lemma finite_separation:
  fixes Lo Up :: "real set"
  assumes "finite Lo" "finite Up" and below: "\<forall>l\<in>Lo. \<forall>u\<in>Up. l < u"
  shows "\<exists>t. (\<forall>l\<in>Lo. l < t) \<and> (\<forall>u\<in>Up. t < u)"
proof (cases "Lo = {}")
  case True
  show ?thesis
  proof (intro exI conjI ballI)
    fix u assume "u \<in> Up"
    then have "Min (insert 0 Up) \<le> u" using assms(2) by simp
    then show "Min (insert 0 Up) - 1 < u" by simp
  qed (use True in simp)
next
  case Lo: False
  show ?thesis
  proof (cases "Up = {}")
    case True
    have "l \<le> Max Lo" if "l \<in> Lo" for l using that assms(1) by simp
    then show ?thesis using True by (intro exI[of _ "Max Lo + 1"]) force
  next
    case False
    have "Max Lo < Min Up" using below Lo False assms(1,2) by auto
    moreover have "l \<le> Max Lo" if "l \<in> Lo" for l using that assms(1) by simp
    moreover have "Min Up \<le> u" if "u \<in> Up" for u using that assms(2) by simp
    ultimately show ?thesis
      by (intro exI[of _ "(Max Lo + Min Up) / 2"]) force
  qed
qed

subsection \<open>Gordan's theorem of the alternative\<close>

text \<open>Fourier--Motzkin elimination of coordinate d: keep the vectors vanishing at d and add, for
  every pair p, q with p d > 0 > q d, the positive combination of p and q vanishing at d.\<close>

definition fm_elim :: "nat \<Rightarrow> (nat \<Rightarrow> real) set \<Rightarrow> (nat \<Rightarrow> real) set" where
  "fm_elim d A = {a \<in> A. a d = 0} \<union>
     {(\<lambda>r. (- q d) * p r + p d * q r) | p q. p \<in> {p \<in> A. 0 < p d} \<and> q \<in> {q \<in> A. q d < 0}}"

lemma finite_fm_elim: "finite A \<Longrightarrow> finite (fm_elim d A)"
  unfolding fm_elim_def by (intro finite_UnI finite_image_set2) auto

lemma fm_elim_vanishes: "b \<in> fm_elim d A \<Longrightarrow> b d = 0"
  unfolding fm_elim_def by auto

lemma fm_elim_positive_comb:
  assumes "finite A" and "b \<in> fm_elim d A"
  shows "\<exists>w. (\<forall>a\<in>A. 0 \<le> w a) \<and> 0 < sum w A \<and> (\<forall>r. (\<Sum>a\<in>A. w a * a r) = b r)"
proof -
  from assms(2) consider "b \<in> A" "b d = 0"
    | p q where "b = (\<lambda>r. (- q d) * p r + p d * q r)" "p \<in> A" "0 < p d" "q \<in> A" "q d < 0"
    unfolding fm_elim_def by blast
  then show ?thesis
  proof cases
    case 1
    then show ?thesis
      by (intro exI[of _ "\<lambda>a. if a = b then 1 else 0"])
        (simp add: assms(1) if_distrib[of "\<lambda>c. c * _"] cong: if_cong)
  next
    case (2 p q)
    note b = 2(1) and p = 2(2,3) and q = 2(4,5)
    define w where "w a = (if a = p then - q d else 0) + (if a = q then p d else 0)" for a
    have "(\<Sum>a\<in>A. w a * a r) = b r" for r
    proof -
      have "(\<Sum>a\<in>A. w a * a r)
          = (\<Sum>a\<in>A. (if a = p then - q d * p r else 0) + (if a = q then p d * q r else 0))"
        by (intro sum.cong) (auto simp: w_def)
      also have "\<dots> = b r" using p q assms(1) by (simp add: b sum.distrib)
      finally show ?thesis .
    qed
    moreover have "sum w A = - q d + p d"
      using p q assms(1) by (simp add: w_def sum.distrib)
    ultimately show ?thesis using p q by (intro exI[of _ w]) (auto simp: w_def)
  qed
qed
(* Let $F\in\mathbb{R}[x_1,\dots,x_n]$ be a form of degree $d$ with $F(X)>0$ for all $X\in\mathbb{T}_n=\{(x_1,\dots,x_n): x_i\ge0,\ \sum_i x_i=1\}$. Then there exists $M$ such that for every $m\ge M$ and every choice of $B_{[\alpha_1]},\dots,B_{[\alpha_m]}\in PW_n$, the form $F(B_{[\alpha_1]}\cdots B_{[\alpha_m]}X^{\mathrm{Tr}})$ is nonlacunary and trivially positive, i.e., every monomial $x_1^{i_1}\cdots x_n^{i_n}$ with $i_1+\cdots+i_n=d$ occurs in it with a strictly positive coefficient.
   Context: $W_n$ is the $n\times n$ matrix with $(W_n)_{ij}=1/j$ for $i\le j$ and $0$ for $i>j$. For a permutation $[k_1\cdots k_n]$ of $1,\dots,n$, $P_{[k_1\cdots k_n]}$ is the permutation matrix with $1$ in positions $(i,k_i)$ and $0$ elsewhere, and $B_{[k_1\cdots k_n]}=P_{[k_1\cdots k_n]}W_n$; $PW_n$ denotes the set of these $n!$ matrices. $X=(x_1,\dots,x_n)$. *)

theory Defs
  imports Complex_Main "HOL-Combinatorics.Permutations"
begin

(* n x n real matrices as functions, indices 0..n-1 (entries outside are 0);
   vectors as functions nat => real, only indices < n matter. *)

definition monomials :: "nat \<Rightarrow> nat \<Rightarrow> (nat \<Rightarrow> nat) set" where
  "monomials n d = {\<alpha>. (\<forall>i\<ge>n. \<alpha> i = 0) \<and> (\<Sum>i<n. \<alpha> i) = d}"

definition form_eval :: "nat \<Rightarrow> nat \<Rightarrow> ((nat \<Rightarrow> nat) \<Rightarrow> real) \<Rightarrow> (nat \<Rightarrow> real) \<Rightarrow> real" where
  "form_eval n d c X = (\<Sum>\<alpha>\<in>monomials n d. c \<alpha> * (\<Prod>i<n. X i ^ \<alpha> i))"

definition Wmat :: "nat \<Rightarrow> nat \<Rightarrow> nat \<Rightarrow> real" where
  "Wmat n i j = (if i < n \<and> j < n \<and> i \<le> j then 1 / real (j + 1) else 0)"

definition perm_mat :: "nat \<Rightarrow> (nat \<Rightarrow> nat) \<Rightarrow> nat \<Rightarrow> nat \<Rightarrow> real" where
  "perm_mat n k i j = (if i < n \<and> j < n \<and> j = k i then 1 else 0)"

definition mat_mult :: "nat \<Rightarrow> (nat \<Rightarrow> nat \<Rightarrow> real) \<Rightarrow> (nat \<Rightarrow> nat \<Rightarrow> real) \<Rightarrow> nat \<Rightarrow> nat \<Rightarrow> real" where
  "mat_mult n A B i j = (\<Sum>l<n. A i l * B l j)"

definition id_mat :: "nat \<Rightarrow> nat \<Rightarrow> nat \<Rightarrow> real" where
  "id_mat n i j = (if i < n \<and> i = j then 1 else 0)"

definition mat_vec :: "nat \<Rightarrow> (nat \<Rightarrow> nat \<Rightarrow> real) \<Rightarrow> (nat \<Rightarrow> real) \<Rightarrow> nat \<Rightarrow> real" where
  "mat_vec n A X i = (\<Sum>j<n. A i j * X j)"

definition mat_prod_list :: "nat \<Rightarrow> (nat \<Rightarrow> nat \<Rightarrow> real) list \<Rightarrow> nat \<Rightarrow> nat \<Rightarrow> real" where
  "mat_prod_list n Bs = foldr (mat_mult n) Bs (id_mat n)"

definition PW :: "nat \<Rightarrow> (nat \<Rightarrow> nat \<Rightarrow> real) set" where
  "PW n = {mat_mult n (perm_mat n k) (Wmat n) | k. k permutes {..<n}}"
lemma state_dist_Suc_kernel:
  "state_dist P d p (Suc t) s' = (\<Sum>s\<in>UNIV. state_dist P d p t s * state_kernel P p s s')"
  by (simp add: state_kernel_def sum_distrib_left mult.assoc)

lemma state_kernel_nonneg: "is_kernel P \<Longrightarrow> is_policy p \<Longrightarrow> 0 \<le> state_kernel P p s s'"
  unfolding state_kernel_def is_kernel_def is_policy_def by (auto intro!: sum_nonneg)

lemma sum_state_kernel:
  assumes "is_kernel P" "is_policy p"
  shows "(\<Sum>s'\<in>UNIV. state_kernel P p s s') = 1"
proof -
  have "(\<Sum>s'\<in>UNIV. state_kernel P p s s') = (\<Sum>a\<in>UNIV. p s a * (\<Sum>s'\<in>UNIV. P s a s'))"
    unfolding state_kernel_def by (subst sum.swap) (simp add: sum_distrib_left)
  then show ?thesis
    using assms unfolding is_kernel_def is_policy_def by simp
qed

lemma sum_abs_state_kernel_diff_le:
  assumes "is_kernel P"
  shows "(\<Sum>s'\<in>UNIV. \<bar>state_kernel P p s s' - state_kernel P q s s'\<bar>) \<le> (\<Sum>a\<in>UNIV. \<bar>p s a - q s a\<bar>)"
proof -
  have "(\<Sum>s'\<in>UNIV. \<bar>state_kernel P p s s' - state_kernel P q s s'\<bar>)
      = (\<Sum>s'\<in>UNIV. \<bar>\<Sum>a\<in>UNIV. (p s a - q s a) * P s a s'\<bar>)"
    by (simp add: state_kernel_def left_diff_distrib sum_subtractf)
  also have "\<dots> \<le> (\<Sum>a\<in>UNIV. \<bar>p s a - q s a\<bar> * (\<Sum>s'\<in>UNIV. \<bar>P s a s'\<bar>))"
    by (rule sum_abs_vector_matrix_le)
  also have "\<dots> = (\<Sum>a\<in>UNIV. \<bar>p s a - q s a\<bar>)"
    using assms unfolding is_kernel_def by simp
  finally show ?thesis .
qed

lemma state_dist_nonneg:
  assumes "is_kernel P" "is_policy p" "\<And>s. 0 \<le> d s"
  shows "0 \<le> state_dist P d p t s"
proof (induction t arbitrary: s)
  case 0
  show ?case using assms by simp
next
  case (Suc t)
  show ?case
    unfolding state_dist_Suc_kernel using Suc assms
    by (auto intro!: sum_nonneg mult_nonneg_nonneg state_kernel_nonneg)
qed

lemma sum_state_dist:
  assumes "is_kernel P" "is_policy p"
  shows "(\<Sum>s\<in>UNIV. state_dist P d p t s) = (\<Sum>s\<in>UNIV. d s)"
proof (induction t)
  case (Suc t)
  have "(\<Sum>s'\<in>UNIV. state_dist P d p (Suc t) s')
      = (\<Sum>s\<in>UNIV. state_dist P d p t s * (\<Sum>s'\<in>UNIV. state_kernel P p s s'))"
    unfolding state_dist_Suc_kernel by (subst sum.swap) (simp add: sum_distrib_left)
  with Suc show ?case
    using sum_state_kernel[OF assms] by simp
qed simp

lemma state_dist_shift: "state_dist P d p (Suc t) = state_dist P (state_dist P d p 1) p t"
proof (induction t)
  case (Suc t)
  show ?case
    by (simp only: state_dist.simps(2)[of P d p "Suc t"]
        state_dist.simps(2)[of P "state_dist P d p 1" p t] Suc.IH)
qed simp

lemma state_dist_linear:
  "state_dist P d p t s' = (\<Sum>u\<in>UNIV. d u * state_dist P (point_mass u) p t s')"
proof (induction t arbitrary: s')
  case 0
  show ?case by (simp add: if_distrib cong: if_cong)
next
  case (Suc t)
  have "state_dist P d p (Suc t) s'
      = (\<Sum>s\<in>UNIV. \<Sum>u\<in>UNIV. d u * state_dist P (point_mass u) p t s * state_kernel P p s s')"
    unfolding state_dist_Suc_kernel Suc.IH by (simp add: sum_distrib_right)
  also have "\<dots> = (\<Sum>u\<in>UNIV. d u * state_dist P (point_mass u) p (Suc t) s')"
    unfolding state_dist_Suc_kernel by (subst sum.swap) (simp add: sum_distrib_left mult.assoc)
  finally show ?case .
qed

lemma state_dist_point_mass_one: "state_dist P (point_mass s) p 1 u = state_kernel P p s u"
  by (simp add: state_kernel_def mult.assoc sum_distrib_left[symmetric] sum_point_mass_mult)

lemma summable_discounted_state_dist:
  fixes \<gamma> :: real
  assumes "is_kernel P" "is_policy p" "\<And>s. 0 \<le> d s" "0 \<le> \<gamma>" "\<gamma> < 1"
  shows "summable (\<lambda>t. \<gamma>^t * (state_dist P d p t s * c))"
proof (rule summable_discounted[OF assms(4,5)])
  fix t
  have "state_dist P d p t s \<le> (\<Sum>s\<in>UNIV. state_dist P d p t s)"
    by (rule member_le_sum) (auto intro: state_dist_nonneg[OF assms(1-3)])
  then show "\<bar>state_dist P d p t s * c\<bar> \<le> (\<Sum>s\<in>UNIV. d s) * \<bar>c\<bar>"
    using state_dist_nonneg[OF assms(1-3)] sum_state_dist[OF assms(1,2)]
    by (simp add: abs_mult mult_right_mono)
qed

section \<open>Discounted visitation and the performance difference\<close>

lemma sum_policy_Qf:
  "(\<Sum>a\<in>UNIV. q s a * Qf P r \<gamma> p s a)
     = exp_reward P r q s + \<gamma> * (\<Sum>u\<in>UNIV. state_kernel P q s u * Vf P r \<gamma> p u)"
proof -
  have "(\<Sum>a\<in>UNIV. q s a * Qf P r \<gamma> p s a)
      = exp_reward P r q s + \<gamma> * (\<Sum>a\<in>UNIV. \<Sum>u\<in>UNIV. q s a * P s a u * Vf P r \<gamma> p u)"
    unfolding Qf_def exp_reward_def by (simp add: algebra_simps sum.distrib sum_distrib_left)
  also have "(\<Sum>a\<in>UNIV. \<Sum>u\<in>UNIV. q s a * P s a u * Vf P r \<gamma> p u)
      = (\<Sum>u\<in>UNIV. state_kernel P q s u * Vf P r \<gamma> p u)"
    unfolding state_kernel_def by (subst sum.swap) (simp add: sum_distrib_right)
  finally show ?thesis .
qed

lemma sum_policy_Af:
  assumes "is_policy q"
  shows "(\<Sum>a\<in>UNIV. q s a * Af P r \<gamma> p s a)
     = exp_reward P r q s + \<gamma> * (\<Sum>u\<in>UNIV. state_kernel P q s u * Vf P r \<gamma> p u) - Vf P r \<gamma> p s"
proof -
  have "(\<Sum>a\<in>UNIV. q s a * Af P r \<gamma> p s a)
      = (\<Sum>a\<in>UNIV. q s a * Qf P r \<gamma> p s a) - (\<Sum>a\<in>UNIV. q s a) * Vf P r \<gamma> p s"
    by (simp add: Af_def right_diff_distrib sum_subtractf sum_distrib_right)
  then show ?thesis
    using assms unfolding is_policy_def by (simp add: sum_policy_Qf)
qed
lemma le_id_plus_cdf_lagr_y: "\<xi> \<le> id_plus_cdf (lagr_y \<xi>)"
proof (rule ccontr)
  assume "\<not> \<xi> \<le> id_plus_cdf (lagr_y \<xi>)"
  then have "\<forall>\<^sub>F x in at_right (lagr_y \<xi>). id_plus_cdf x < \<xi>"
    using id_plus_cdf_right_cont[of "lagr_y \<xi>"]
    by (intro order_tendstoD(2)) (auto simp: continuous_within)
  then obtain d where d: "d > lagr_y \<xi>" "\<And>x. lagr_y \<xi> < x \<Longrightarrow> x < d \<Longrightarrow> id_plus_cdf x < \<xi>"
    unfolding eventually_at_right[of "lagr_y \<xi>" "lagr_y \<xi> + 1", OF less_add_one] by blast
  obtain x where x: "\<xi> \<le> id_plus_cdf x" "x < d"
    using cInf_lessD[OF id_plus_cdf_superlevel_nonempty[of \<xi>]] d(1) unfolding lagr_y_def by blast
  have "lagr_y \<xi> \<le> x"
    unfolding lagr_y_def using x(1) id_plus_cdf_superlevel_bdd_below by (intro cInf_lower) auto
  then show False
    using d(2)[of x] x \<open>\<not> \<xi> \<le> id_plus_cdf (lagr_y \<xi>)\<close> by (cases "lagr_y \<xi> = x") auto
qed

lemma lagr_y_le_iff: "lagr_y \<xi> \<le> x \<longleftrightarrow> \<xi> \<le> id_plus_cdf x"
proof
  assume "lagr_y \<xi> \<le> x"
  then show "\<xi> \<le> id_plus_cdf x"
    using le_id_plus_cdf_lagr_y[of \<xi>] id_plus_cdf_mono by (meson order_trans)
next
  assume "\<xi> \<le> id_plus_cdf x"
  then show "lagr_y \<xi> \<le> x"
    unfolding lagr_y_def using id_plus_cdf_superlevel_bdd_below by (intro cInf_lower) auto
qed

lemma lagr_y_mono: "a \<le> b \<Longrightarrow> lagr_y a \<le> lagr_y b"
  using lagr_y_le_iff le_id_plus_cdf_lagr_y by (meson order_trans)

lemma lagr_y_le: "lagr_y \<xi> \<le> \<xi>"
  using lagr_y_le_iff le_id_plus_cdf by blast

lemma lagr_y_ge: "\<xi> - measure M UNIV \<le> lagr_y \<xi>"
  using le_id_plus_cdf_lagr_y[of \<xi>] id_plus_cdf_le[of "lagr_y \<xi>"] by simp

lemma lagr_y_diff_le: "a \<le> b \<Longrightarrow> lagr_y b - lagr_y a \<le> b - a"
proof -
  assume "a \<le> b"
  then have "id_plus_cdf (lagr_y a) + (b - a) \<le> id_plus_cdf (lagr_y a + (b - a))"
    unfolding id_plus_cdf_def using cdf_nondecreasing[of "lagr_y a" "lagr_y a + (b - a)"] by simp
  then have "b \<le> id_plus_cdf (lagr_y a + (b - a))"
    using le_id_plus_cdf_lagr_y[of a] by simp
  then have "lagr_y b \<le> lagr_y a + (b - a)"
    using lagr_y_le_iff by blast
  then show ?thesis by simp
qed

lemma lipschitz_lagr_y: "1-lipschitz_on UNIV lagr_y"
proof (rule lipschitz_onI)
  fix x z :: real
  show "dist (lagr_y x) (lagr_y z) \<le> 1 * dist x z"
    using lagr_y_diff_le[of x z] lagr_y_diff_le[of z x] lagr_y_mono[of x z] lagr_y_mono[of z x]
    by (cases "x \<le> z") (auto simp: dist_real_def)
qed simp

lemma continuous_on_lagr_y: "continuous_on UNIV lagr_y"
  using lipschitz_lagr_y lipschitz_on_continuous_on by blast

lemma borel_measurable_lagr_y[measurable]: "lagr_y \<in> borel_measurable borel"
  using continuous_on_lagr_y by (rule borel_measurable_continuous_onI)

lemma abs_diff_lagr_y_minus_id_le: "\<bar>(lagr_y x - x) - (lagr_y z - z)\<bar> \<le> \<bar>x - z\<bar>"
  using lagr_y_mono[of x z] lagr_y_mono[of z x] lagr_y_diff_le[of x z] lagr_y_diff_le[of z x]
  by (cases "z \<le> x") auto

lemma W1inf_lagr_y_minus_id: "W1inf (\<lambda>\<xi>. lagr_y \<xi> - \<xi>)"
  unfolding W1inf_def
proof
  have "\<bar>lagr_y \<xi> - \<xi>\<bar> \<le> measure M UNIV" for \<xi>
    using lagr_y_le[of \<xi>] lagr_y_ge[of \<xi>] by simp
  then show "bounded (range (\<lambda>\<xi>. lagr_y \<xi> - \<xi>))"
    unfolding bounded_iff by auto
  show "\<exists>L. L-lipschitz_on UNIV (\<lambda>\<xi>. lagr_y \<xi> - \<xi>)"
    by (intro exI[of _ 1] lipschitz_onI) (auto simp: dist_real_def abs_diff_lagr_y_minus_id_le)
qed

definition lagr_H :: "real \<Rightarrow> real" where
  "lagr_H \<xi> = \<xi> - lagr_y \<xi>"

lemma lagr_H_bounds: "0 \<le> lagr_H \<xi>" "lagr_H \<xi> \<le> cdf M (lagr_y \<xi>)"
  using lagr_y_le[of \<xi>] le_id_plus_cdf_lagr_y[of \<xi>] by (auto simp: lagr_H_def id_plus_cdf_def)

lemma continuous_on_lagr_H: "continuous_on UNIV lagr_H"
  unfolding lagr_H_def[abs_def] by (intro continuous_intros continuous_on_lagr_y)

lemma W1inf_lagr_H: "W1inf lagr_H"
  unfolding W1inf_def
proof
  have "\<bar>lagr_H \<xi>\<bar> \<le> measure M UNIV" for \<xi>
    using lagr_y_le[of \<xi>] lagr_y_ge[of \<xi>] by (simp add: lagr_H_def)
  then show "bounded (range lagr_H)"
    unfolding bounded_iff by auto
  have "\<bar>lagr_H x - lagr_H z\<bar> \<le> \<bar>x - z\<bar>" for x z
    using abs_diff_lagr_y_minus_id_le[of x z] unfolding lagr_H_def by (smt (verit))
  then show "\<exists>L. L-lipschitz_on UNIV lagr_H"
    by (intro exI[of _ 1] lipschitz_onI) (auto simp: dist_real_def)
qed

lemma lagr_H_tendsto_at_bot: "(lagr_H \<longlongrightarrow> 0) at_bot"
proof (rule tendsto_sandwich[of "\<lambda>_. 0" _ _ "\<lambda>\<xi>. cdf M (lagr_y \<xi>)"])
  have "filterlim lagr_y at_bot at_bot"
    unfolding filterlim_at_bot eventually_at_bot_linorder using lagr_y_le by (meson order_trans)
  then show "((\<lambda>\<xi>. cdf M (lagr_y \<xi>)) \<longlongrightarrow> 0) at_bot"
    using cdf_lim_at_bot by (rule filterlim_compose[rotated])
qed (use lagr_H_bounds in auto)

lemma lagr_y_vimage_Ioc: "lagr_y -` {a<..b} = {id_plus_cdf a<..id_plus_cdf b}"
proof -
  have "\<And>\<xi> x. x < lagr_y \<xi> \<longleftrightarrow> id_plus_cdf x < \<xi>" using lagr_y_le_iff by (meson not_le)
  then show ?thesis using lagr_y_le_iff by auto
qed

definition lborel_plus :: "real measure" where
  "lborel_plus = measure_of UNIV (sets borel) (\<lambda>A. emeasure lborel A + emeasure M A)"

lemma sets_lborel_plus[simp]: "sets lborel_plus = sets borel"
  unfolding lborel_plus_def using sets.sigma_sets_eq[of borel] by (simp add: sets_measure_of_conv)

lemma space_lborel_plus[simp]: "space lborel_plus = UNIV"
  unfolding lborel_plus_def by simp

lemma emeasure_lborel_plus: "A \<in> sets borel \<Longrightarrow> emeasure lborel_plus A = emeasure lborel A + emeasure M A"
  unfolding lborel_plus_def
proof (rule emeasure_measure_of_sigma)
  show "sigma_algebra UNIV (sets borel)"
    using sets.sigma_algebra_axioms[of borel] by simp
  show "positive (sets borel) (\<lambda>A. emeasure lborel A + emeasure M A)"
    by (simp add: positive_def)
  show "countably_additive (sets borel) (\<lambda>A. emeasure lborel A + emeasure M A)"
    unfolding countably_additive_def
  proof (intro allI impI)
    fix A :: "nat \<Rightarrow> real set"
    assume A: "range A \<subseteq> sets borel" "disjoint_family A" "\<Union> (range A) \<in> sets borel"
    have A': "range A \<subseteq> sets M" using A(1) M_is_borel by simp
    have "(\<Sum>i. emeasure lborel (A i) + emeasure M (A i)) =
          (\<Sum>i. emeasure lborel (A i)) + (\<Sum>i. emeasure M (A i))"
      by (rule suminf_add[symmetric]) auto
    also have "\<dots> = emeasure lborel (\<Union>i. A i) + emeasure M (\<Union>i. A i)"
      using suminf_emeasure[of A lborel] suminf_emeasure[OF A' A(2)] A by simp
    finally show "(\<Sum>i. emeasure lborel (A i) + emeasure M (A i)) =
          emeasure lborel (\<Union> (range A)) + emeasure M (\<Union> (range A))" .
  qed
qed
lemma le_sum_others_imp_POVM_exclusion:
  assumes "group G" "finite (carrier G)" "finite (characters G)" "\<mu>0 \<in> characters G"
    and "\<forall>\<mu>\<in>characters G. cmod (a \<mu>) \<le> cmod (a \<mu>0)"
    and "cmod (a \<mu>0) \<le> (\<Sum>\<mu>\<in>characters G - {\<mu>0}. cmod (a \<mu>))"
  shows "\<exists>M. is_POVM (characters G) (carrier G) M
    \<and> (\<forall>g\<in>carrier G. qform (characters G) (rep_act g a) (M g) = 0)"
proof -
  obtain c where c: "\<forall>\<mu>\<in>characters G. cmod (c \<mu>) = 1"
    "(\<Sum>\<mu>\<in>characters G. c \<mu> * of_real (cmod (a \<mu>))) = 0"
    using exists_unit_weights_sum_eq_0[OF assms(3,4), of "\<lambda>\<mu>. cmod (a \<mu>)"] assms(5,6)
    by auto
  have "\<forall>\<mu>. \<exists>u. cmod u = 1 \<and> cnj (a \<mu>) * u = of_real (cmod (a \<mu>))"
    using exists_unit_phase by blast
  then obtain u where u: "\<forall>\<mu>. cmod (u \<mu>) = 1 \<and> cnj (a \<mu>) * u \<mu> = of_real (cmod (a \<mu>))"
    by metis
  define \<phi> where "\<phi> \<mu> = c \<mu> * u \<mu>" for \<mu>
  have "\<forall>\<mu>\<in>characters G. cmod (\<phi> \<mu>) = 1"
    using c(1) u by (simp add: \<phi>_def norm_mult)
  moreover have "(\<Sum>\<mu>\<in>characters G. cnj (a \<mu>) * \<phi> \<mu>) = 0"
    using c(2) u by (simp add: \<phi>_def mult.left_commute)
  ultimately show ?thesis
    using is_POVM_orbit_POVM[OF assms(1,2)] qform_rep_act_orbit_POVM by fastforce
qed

----------------

Restate word for word the lines of the data above, starting at the line containing "s * (\<Sum>s'\<in>UNIV." and ending at the line containing "fixes \<gamma> :: real", both included, and nothing more.

**Result for this exercise**
      = (\<Sum>s\<in>UNIV. state_dist P d p t s * (\<Sum>s'\<in>UNIV. state_kernel P p s s'))"
    unfolding state_dist_Suc_kernel by (subst sum.swap) (simp add: sum_distrib_left)
  with Suc show ?case
    using sum_state_kernel[OF assms] by simp
qed simp

lemma state_dist_shift: "state_dist P d p (Suc t) = state_dist P (state_dist P d p 1) p t"
proof (induction t)
  case (Suc t)
  show ?case
    by (simp only: state_dist.simps(2)[of P d p "Suc t"]
        state_dist.simps(2)[of P "state_dist P d p 1" p t] Suc.IH)
qed simp

lemma state_dist_linear:
  "state_dist P d p t s' = (\<Sum>u\<in>UNIV. d u * state_dist P (point_mass u) p t s')"
proof (induction t arbitrary: s')
  case 0
  show ?case by (simp add: if_distrib cong: if_cong)
next
  case (Suc t)
  have "state_dist P d p (Suc t) s'
      = (\<Sum>s\<in>UNIV. \<Sum>u\<in>UNIV. d u * state_dist P (point_mass u) p t s * state_kernel P p s s')"
    unfolding state_dist_Suc_kernel Suc.IH by (simp add: sum_distrib_right)
  also have "\<dots> = (\<Sum>u\<in>UNIV. d u * state_dist P (point_mass u) p (Suc t) s')"
    unfolding state_dist_Suc_kernel by (subst sum.swap) (simp add: sum_distrib_left mult.assoc)
  finally show ?case .
qed

lemma state_dist_point_mass_one: "state_dist P (point_mass s) p 1 u = state_kernel P p s u"
  by (simp add: state_kernel_def mult.assoc sum_distrib_left[symmetric] sum_point_mass_mult)

lemma summable_discounted_state_dist:
  fixes \<gamma> :: real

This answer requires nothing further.